The UC Davis team also provides convincing evidence that RVE8 directly acts to induce evening genes, while morning genes were regulated indirectly by this protein. This conclusion is consistent with previous work which showed that RVE8 binds the evening element both in vitro and in planta, and that rve8 mutants display alterations to their circadian rhythms (Rawat et al., 2011; Fariñas and Mas, 2011). However, the importance of RVE8 to the circadian clock was not fully understood. First, the circadian period of rve8 mutants was only one hour longer than that of wild-type plants. Second, the afternoon-phased DNA binding activity described above was also detected in the rve8 mutants. Third, transcriptomic analysis revealed that only a very small subset of genes were potential targets for RVE8 (Hsu and Harmer, 2012).
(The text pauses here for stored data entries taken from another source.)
(* Let $\sigma\in S_t$ and $p\in S_k$, and let $m=\min(t,k)$. If $\mathrm{red}(p_1p_2\cdots p_m)\neq\mathrm{red}(\sigma_1\sigma_2\cdots\sigma_m)$, then the set $\{1\}$ is reversibly deletable for $p$ with respect to $\{(\sigma,[t-1])\}$.
   Context: Notation: $\mathrm{red}(w)$ replaces the $i$-th smallest letter of a word $w$ of distinct integers by $i$. A vincular pattern of length $\ell$ is $(\sigma,X)$ with $\sigma\in S_\ell$, $X\subseteq[\ell-1]$; $\pi\in S_n$ contains it if there are $i_1<\dots<i_\ell$ with $\mathrm{red}(\pi_{i_1}\cdots\pi_{i_\ell})=\sigma$ and $i_{x+1}=i_x+1$ for all $x\in X$; $(\sigma,[t-1])$ for $\sigma\in S_t$ is the consecutive pattern $\sigma$. For $p\in S_k$ and $w\in[n]^k$ with distinct letters and $\mathrm{red}(w)=p$, $S_n^B(p;w)$ is the set of $\pi\in S_n$ avoiding every pattern in $B$ with $\pi_i=w_i$ for $i\le k$. For a set of indices $R$, $d_R(\pi)$ is obtained from $\pi$ by deleting the letters in positions in $R$ and reducing; for a word $w$ with distinct letters, $d_R(w)$ deletes $w_r$ ($r\in R$) and subtracts from each remaining $w_i$ the number of $r\in R$ with $w_r<w_i$. A set $R\subseteq[k]$ is reversibly deletable for $p$ with respect to $B$ if for every $n$ and every such $w$ with $S_n^B(p;w)\neq\emptyset$, the map $d_R$ restricts to a bijection $S_n^B(p;w)\to S_{n-|R|}^B(d_R(p);d_R(w))$. *)

theory Defs
  imports Main
begin

text \<open>Words and permutations are lists of positive naturals; positions are 1-indexed
  in the paper and 0-indexed in lists (position i of the paper is list index i-1).\<close>

definition is_perm :: "nat \<Rightarrow> nat list \<Rightarrow> bool" where
  "is_perm n \<pi> \<longleftrightarrow> distinct \<pi> \<and> set \<pi> = {1..n}"

definition red :: "nat list \<Rightarrow> nat list" where
  "red w = map (\<lambda>x. card {y \<in> set w. y \<le> x}) w"

text \<open>A vincular pattern is a pair (sigma, X), X a set of 1-indexed adjacency positions.\<close>
type_synonym vpattern = "nat list \<times> nat set"

definition contains :: "nat list \<Rightarrow> vpattern \<Rightarrow> bool" where
  "contains \<pi> P \<longleftrightarrow> (case P of (\<sigma>, X) \<Rightarrow>
     (\<exists>is. length is = length \<sigma> \<and> sorted_wrt (<) is \<and> (\<forall>j\<in>set is. j < length \<pi>) \<and>
        red (map (\<lambda>j. \<pi> ! j) is) = \<sigma> \<and>
        (\<forall>x\<in>X. is ! x = is ! (x - 1) + 1)))"

definition avoids :: "vpattern set \<Rightarrow> nat list \<Rightarrow> bool" where
  "avoids B \<pi> \<longleftrightarrow> (\<forall>P\<in>B. \<not> contains \<pi> P)"

definition Sprefix :: "nat \<Rightarrow> vpattern set \<Rightarrow> nat list \<Rightarrow> nat list \<Rightarrow> nat list set" where
  "Sprefix n B p w = {\<pi>. is_perm n \<pi> \<and> avoids B \<pi> \<and> (\<forall>i<length w. \<pi> ! i = w ! i)}"

definition keep :: "nat set \<Rightarrow> nat list \<Rightarrow> nat list" where
  "keep R xs = nths xs {i. Suc i \<notin> R}"

definition d_perm :: "nat set \<Rightarrow> nat list \<Rightarrow> nat list" where
  "d_perm R \<pi> = red (keep R \<pi>)"

definition d_word :: "nat set \<Rightarrow> nat list \<Rightarrow> nat list" where
  "d_word R w = map (\<lambda>x. x - card {r \<in> R. 1 \<le> r \<and> r \<le> length w \<and> w ! (r - 1) < x}) (keep R w)"

definition rev_deletable :: "nat list \<Rightarrow> vpattern set \<Rightarrow> nat set \<Rightarrow> bool" where
  "rev_deletable p B R \<longleftrightarrow> R \<subseteq> {1..length p} \<and>
     (\<forall>n w. length w = length p \<and> distinct w \<and> set w \<subseteq> {1..n} \<and> red w = p \<and>
        Sprefix n B p w \<noteq> {} \<longrightarrow>
        bij_betw (d_perm R) (Sprefix n B p w)
          (Sprefix (n - card R) B (d_perm R p) (d_word R w)))"

end

theory Submission
  imports Defs
begin

(* Avoiding the consecutive pattern (sigma, [t-1]) means having no factor
   (block of adjacent letters) whose reduction is sigma.  A permutation pi = a # xs with
   first letter a is sent by d_{1} to red xs, which is xs with every letter above a
   shifted down by one; the inverse prepends a and shifts the letters >= a up again.
   Both shifts are order preserving on the relevant letters, so they preserve the
   factors' reductions and hence sigma-avoidance of the tail.  The only factors of pi
   not inside the tail start at its first letter; such a factor of length t would force
   red(p_1..p_m) = red(sigma_1..sigma_m), which the hypothesis excludes. *)

section \<open>Reduction and order-preserving maps\<close>

definition rk :: "nat list \<Rightarrow> nat \<Rightarrow> nat" where
  "rk w x = card {y \<in> set w. y \<le> x}"

lemma red_rk: "red w = map (rk w) w"
  by (simp add: red_def rk_def)

lemma rk_mono:
  assumes "x \<in> set w" "y \<in> set w" "x < y"
  shows "rk w x < rk w y"
proof -
  have "y \<in> {z \<in> set w. z \<le> y}" "y \<notin> {z \<in> set w. z \<le> x}"
    using assms by auto
  moreover have "{z \<in> set w. z \<le> x} \<subseteq> {z \<in> set w. z \<le> y}"
    using assms by auto
  ultimately have "{z \<in> set w. z \<le> x} \<subset> {z \<in> set w. z \<le> y}"
    by blast
  then show ?thesis
    unfolding rk_def by (intro psubset_card_mono) auto
qed
(* Let $(R,\mathfrak m,k)$ be a Noetherian local ring of prime characteristic $p$ satisfying $$(0:\mathfrak m^p)_R:=\{x\in R \mid \mathfrak m^p x=0\}\not\subseteq \mathfrak m^p .$$ If $M$ is a finitely generated $R$-module such that $\operatorname{Tor}^R_j(M,{}^{\phi^r}\!R)=0$ for some integers $j\ge 1$ and $r\ge 1$, then $M$ is a projective (equivalently, free) $R$-module.
   Context: $\phi:R\to R$ denotes the Frobenius homomorphism $\phi(a)=a^p$. For $r\ge 1$, ${}^{\phi^r}\!R$ denotes the ring $R$ regarded as an $R$-module via $\phi^r$, i.e. $a\cdot b=a^{p^r}b$ for $a\in R$, $b\in {}^{\phi^r}\!R$. *)

theory Defs
  imports Complex_Main "HOL-Computational_Algebra.Primes"
begin

definition is_ideal :: "'a::comm_ring_1 set \<Rightarrow> bool" where
  "is_ideal I \<longleftrightarrow> 0 \<in> I \<and> (\<forall>x\<in>I. \<forall>y\<in>I. x + y \<in> I) \<and> (\<forall>a x. x \<in> I \<longrightarrow> a * x \<in> I)"

definition ideal_gen :: "'a::comm_ring_1 set \<Rightarrow> 'a set" where
  "ideal_gen S = \<Inter>{I. is_ideal I \<and> S \<subseteq> I}"

definition noetherian_ring :: "'a::comm_ring_1 itself \<Rightarrow> bool" where
  "noetherian_ring _ \<longleftrightarrow> (\<forall>I::'a set. is_ideal I \<longrightarrow> (\<exists>S. finite S \<and> I = ideal_gen S))"

definition maximal_ideal :: "'a::comm_ring_1 set \<Rightarrow> bool" where
  "maximal_ideal m \<longleftrightarrow> is_ideal m \<and> m \<noteq> UNIV \<and>
     (\<forall>J. is_ideal J \<and> m \<subseteq> J \<longrightarrow> J = m \<or> J = UNIV)"

definition local_ring :: "'a::comm_ring_1 itself \<Rightarrow> bool" where
  "local_ring _ \<longleftrightarrow> (\<exists>!m::'a set. maximal_ideal m)"

definition max_ideal :: "'a::comm_ring_1 itself \<Rightarrow> 'a set" where
  "max_ideal _ = (THE m. maximal_ideal m)"

definition ideal_pow :: "'a::comm_ring_1 set \<Rightarrow> nat \<Rightarrow> 'a set" where
  "ideal_pow I n = ideal_gen {(\<Prod>i<n. f i) | f. \<forall>i<n. f i \<in> I}"

definition annihilator :: "'a::comm_ring_1 set \<Rightarrow> 'a set" where
  "annihilator J = {x. \<forall>y\<in>J. y * x = 0}"

definition vecs :: "nat \<Rightarrow> (nat \<Rightarrow> 'a::zero) set" where
  "vecs n = {v. \<forall>k\<ge>n. v k = 0}"

definition mat_app :: "nat \<Rightarrow> nat \<Rightarrow> (nat \<Rightarrow> nat \<Rightarrow> 'a::comm_ring_1) \<Rightarrow> (nat \<Rightarrow> 'a) \<Rightarrow> (nat \<Rightarrow> 'a)" where
  "mat_app m n A v = (\<lambda>k. if k < m then (\<Sum>l<n. A k l * v l) else 0)"

definition frob_mat :: "nat \<Rightarrow> (nat \<Rightarrow> nat \<Rightarrow> 'a::comm_ring_1) \<Rightarrow> (nat \<Rightarrow> nat \<Rightarrow> 'a)" where
  "frob_mat r A = (\<lambda>k l. (A k l) ^ (CHAR('a) ^ r))"

text \<open>A resolution  ... \<rightarrow> R^(b 2) \<rightarrow>(d 1) R^(b 1) \<rightarrow>(d 0) R^(b 0) \<rightarrow>(eps) M \<rightarrow> 0 by finite
  free modules; d i is the matrix of the map F_(i+1) \<rightarrow> F_i.  The module M is the whole
  type 'm with scalar multiplication scale.\<close>
definition free_resolution ::
  "('a::comm_ring_1 \<Rightarrow> 'm::ab_group_add \<Rightarrow> 'm) \<Rightarrow> (nat \<Rightarrow> nat) \<Rightarrow> (nat \<Rightarrow> nat \<Rightarrow> nat \<Rightarrow> 'a)
     \<Rightarrow> ((nat \<Rightarrow> 'a) \<Rightarrow> 'm) \<Rightarrow> bool" where
  "free_resolution scale b d eps \<longleftrightarrow>
     (\<forall>v\<in>vecs (b 0). \<forall>w\<in>vecs (b 0). eps (\<lambda>k. v k + w k) = eps v + eps w) \<and>
     (\<forall>c. \<forall>v\<in>vecs (b 0). eps (\<lambda>k. c * v k) = scale c (eps v)) \<and>
     eps ` vecs (b 0) = UNIV \<and>
     {v \<in> vecs (b 0). eps v = 0} = mat_app (b 0) (b 1) (d 0) ` vecs (b 1) \<and>
     (\<forall>i. {v \<in> vecs (b (Suc i)). mat_app (b i) (b (Suc i)) (d i) v = (\<lambda>_. 0)}
            = mat_app (b (Suc i)) (b (Suc (Suc i))) (d (Suc i)) ` vecs (b (Suc (Suc i))))"

text \<open>Tor_j^R(M, phi^r R) = 0 for j \<ge> 1, computed from a finite free resolution F of M:
  F_i \<otimes>_R phi^r R = R^(b i) and d \<otimes> 1 is the matrix with entries raised to p^r.\<close>
definition tor_frob_vanishes ::
  "('a::comm_ring_1 \<Rightarrow> 'm::ab_group_add \<Rightarrow> 'm) \<Rightarrow> nat \<Rightarrow> nat \<Rightarrow> bool" where
  "tor_frob_vanishes scale j r \<longleftrightarrow>
     (\<exists>b d eps. free_resolution scale b d eps \<and>
        {v \<in> vecs (b j). mat_app (b (j - 1)) (b j) (frob_mat r (d (j - 1))) v = (\<lambda>_. 0)}
          \<subseteq> mat_app (b j) (b (Suc j)) (frob_mat r (d j)) ` vecs (b (Suc j)))"

definition fin_gen_module :: "('a::comm_ring_1 \<Rightarrow> 'm::ab_group_add \<Rightarrow> 'm) \<Rightarrow> bool" where
  "fin_gen_module scale \<longleftrightarrow> (\<exists>S. finite S \<and> Modules.module.span scale S = UNIV)"

definition free_module :: "('a::comm_ring_1 \<Rightarrow> 'm::ab_group_add \<Rightarrow> 'm) \<Rightarrow> bool" where
  "free_module scale \<longleftrightarrow> (\<exists>B. \<not> Modules.module.dependent scale B \<and> Modules.module.span scale B = UNIV)"

end

(*
  Write d_i for the matrices of the resolution F of M and call d_i m-pure if
  Im d_i \<inter> m F_i \<subseteq> m Im d_i. Gaussian elimination with unit pivots shows that the image of an
  m-pure matrix is a direct summand of F_i, complemented by a set I of coordinate vectors; for
  d_0 this makes M = coker d_0 free on the images of these coordinate vectors.

  Purity propagates down the resolution. If d_(i+1) is m-pure, then ker d_i is complemented by
  coordinates I, and for g supported on I with d_i g \<in> m F a nonzero socle element z gives
  d_i (z g) = 0, hence z g = 0 and g \<in> m F.

  Purity of d_(j-1) comes from the Tor hypothesis. Take x \<in> (0 : m^p) - m^p; it is nonzero, so some
  multiple of it is a nonzero socle element. If d_(j-1) v \<in> m F, then x \<phi>^r(v) is a cycle of the
  Frobenius-twisted complex because \<phi>^r(m) \<subseteq> m^p, hence a boundary. Running the elimination
  modulo m on the columns of d_j, the part of v outside Im d_j + m F then satisfies
  x \<phi>^r(g) \<in> \<phi>^r(Im d_j) + m^p F, which forces g \<in> m F since x \<notin> m^p.
*)

theory Submission
  imports Defs "HOL-Library.Function_Algebras"
begin

section \<open>Ideals of a local ring\<close>

lemma ideal_zero: "is_ideal I \<Longrightarrow> 0 \<in> I"
  by (simp add: is_ideal_def)

lemma ideal_add: "is_ideal I \<Longrightarrow> a \<in> I \<Longrightarrow> b \<in> I \<Longrightarrow> a + b \<in> I"
  by (simp add: is_ideal_def)

lemma ideal_mult_left: "is_ideal I \<Longrightarrow> a \<in> I \<Longrightarrow> c * a \<in> I"
  by (simp add: is_ideal_def)

lemma ideal_mult_right: "is_ideal I \<Longrightarrow> a \<in> I \<Longrightarrow> a * c \<in> I"
  by (metis ideal_mult_left mult.commute)

lemma ideal_uminus: "is_ideal I \<Longrightarrow> a \<in> I \<Longrightarrow> - a \<in> I"
  using ideal_mult_left[of I a "- 1"] by simp

lemma ideal_diff: "is_ideal I \<Longrightarrow> a \<in> I \<Longrightarrow> b \<in> I \<Longrightarrow> a - b \<in> I"
  by (metis diff_conv_add_uminus ideal_add ideal_uminus)

lemma ideal_eq_UNIV_iff: "is_ideal I \<Longrightarrow> I = UNIV \<longleftrightarrow> 1 \<in> I"
  using ideal_mult_right[of I 1] by auto

lemma is_ideal_ideal_gen: "is_ideal (ideal_gen S)"
  unfolding is_ideal_def ideal_gen_def by auto

lemma ideal_gen_superset: "S \<subseteq> ideal_gen S"
  unfolding ideal_gen_def by auto

lemma is_ideal_principal: "is_ideal {c * a | c. True}"
  unfolding is_ideal_def
  by (auto intro: exI[of _ 0]) (metis distrib_right, metis mult.assoc)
Hsu et al. suggest that the modest effect of rve8 mutations on the circadian clock of Arabidopsis is because two similar proteins—RVE4 and RVE6—are also involved. Indeed, the circadian period of triple rve4;rve6;rve8 mutants is four hours longer than that of wild-type plants. Moreover, these triple mutants do not display the afternoon-phased DNA binding activity observed in wild-type plants. Finally, in the triple mutants the expression of the afternoon/early evening-phased genes was altered much more than that of the morning-phased genes. All these observations strongly support the conclusion that RVE8, along with RVE4 and RVE6, all play a key role in the circadian clock of Arabidopsis by switching on the afternoon/early evening genes, which then go on to control the expression of morning genes, thus starting the circadian cycle again (Figure 1).

The work of Hsu, Devisetty and Harmer makes it clear that the circadian clocks of plants are more complex than previously thought, and that new models are needed to understand how all these interactions lead to 24 hour rhythms. Ultimately this improved understanding could have practical applications: for example, it might become possible to make specific crop plants flower at the most appropriate time of the year in different geographic locations.